Source material:
lemma H_1_commutator:
  fixes u :: "nat list \<Rightarrow> 'k::field"
  assumes "prime CHAR('k)" and "u \<in> H (Suc 0)" and "h \<in> FA"
  shows "fa_commutator u h \<in> H (Suc 0)"
proof (rule T_gen_commutator_closed[OF T_space_H_1 _ _ _ assms(3)])
  show "{fa_pow (fa_var 0) CHAR('k)} \<subseteq> (FA :: (nat list \<Rightarrow> 'k) set)"
    by (simp add: fa_pow_in_FA fa_var_in_FA)
  show "u \<in> T_gen {fa_pow (fa_var 0) CHAR('k)}"
    using assms(2) by simp
next
  fix \<phi> :: "(nat list \<Rightarrow> 'k) \<Rightarrow> (nat list \<Rightarrow> 'k)" and g w :: "nat list \<Rightarrow> 'k"
  assume "fa_endo \<phi>" and "g \<in> {fa_pow (fa_var 0) CHAR('k)}" and "w \<in> FA"
  obtain A :: "'k free_alg" where A: "\<phi> (fa_var 0) = coefficient A" "constant_term A = 0"
    using fa_endo_FA[OF \<open>fa_endo \<phi>\<close> fa_var_in_FA] by (metis FA_coefficientE)
  obtain Q :: "'k free_alg" where Q: "w = coefficient Q" "constant_term Q = 0"
    using \<open>w \<in> FA\<close> by (metis FA_coefficientE)
  obtain n where n: "CHAR('k) = Suc n"
    using assms(1) by (metis not0_implies_Suc prime_gt_0_nat neq0_conv)
  have "\<phi> g = coefficient (A ^ CHAR('k))"
    using \<open>g \<in> _\<close> fa_endo_fa_pow[OF \<open>fa_endo \<phi>\<close> fa_var_in_FA, of 0 n] A n
    by (simp add: fa_pow_coefficient del: fa_pow.simps)
  then show "fa_commutator (\<phi> g) w \<in> H (Suc 0)"
    using T_space_commutator_pth_power[OF assms(1) T_space_H_1 fa_var_pow_in_H_1 A(2) Q(2)] Q(1)
    by (simp add: fa_commutator_coefficient)
qed

lemma H_commutator:
  fixes u :: "nat list \<Rightarrow> 'k::field"
  assumes "prime CHAR('k)" and "u \<in> H (Suc n)" and "h \<in> FA"
  shows "fa_commutator u h \<in> H (Suc n)"
  using assms(2,3)
proof (induction n arbitrary: u h)
  case 0
  then show ?case
    using H_1_commutator[OF assms(1)] by blast
next
  case (Suc n)
  let ?G = "set_prod (H (Suc n)) (H (Suc 0)) :: (nat list \<Rightarrow> 'k) set"
  have G_FA: "?G \<subseteq> FA"
    using set_prod_H_subset T_space_subset_FA[OF T_space_H] by blast
  show ?case
  proof (rule T_gen_commutator_closed[OF T_space_H G_FA _ _ Suc.prems(2)])
    show "u \<in> T_gen ?G"
      using Suc.prems(1) by simp
  next
    fix \<phi> :: "(nat list \<Rightarrow> 'k) \<Rightarrow> (nat list \<Rightarrow> 'k)" and g w :: "nat list \<Rightarrow> 'k"
    assume \<phi>: "fa_endo \<phi>" and "g \<in> ?G" and w: "w \<in> FA"
    then obtain b c where g: "g = fa_mult b c" and b: "b \<in> H (Suc n)" and c: "c \<in> H (Suc 0)"
      unfolding set_prod_def by blast
    have b': "\<phi> b \<in> H (Suc n)" and c': "\<phi> c \<in> H (Suc 0)"
      using T_space_endo_closed[OF T_space_H \<phi>] b c by blast+
    have FA: "b \<in> FA" "c \<in> FA" "\<phi> b \<in> FA" "\<phi> c \<in> FA"
      using b c b' c' T_space_subset_FA[OF T_space_H] by blast+
    have "fa_commutator (\<phi> g) w
        = fa_add (fa_mult (\<phi> b) (fa_commutator (\<phi> c) w)) (fa_mult (fa_commutator (\<phi> b) w) (\<phi> c))"
      using FA w \<phi> by (simp add: g fa_endo_fa_mult fa_commutator_fa_mult)
    moreover have "fa_mult (\<phi> b) (fa_commutator (\<phi> c) w) \<in> H (Suc (Suc n))"
      using b' H_1_commutator[OF assms(1) c' w] set_prod_H_subset unfolding set_prod_def by blast
    moreover have "fa_mult (fa_commutator (\<phi> b) w) (\<phi> c) \<in> H (Suc (Suc n))"
      using Suc.IH[OF b' w] c' set_prod_H_subset unfolding set_prod_def by blast
    ultimately show "fa_commutator (\<phi> g) w \<in> H (Suc (Suc n))"
      by (metis fa_subspace_add T_space_imp_fa_subspace T_space_H)
  qed
qed

theorem lemma4p4:
  assumes "prime (CHAR('k::field))"
    and "m \<ge> 1"
    and "(u :: nat list \<Rightarrow> 'k) \<in> H m"
    and "v \<in> FA"
  shows "fa_sub (fa_mult u v) (fa_mult v u) \<in> H m"
proof -
  obtain n where "m = Suc n"
    using assms(2) by (metis Suc_le_D One_nat_def)
  then show ?thesis
    using H_commutator[OF assms(1)] assms(3,4) by blast
qed

end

Exercise goal: Restate the records above verbatim up to and including the line containing "proof (rule T_gen_commutator_closed[OF T_space_H_1".

Output of the exercise:
lemma H_1_commutator:
  fixes u :: "nat list \<Rightarrow> 'k::field"
  assumes "prime CHAR('k)" and "u \<in> H (Suc 0)" and "h \<in> FA"
  shows "fa_commutator u h \<in> H (Suc 0)"
proof (rule T_gen_commutator_closed[OF T_space_H_1 _ _ _ assms(3)])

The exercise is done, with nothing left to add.